> PROBLEM STATEMENT
From the first line to the last, write out the material exactly.
● ● ● ● ●
lemma simplex_integral_side_ratio_le:
  "simplex_integral (\<lambda>p. indicator {..t} (side_b_of_angles p / side_a_of_angles p))
     = simplex_integral (\<lambda>p. indicator {..t} (sine_ratio p))"
proof -
  have "simplex_integral (\<lambda>p. indicator {..t} (side_b_of_angles p / side_a_of_angles p))
      = simplex_integral (\<lambda>p. indicator {..t} (sine_ratio (pi - fst p - snd p, snd p)))"
    by (rule simplex_integral_cong_AE) (simp add: side_ratio_eq_sine_ratio)
  also have "\<dots> = simplex_integral (\<lambda>p. indicator {..t} (sine_ratio p))"
    by (rule simplex_integral_reflect[where F = "\<lambda>p. indicator {..t} (sine_ratio p)"]) measurable
  finally show ?thesis .
qed

lemma simplex_integral_inverse_side_ratio_le:
  "simplex_integral (\<lambda>p. indicator {..t} (side_a_of_angles p / side_b_of_angles p))
     = simplex_integral (\<lambda>p. indicator {..t} (sine_ratio p))"
proof -
  have swap: "side_a_of_angles (x, y) / side_b_of_angles (x, y)
      = side_b_of_angles (y, x) / side_a_of_angles (y, x)"
    if "0 < x" "0 < y" "x + y < pi" "x \<noteq> pi/2" "y \<noteq> pi/2" for x y
    using that side_a_of_angles_eq_sine_ratio[of x y] side_a_of_angles_eq_sine_ratio[of y x]
      side_b_of_angles_eq_sine_ratio[of x y] side_b_of_angles_eq_sine_ratio[of y x]
    by simp
  have "simplex_integral (\<lambda>p. indicator {..t} (side_a_of_angles p / side_b_of_angles p))
      = simplex_integral (\<lambda>p. indicator {..t} (side_b_of_angles (snd p, fst p) / side_a_of_angles (snd p, fst p)))"
    by (rule simplex_integral_cong_AE) (simp add: swap)
  also have "\<dots> = simplex_integral (\<lambda>p. indicator {..t} (side_b_of_angles p / side_a_of_angles p))"
    by (rule simplex_integral_swap[where F = "\<lambda>p. indicator {..t} (side_b_of_angles p / side_a_of_angles p)"])
      measurable
  finally show ?thesis
    by (simp only: simplex_integral_side_ratio_le)
qed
● ● ● ● ●
> TASK ANSWER
lemma simplex_integral_side_ratio_le:
  "simplex_integral (\<lambda>p. indicator {..t} (side_b_of_angles p / side_a_of_angles p))
     = simplex_integral (\<lambda>p. indicator {..t} (sine_ratio p))"
proof -
  have "simplex_integral (\<lambda>p. indicator {..t} (side_b_of_angles p / side_a_of_angles p))
      = simplex_integral (\<lambda>p. indicator {..t} (sine_ratio (pi - fst p - snd p, snd p)))"
    by (rule simplex_integral_cong_AE) (simp add: side_ratio_eq_sine_ratio)
  also have "\<dots> = simplex_integral (\<lambda>p. indicator {..t} (sine_ratio p))"
    by (rule simplex_integral_reflect[where F = "\<lambda>p. indicator {..t} (sine_ratio p)"]) measurable
  finally show ?thesis .
qed

lemma simplex_integral_inverse_side_ratio_le:
  "simplex_integral (\<lambda>p. indicator {..t} (side_a_of_angles p / side_b_of_angles p))
     = simplex_integral (\<lambda>p. indicator {..t} (sine_ratio p))"
proof -
  have swap: "side_a_of_angles (x, y) / side_b_of_angles (x, y)
      = side_b_of_angles (y, x) / side_a_of_angles (y, x)"
    if "0 < x" "0 < y" "x + y < pi" "x \<noteq> pi/2" "y \<noteq> pi/2" for x y
    using that side_a_of_angles_eq_sine_ratio[of x y] side_a_of_angles_eq_sine_ratio[of y x]
      side_b_of_angles_eq_sine_ratio[of x y] side_b_of_angles_eq_sine_ratio[of y x]
    by simp
  have "simplex_integral (\<lambda>p. indicator {..t} (side_a_of_angles p / side_b_of_angles p))
      = simplex_integral (\<lambda>p. indicator {..t} (side_b_of_angles (snd p, fst p) / side_a_of_angles (snd p, fst p)))"
    by (rule simplex_integral_cong_AE) (simp add: swap)
  also have "\<dots> = simplex_integral (\<lambda>p. indicator {..t} (side_b_of_angles p / side_a_of_angles p))"
    by (rule simplex_integral_swap[where F = "\<lambda>p. indicator {..t} (side_b_of_angles p / side_a_of_angles p)"])
      measurable
  finally show ?thesis
    by (simp only: simplex_integral_side_ratio_le)
qed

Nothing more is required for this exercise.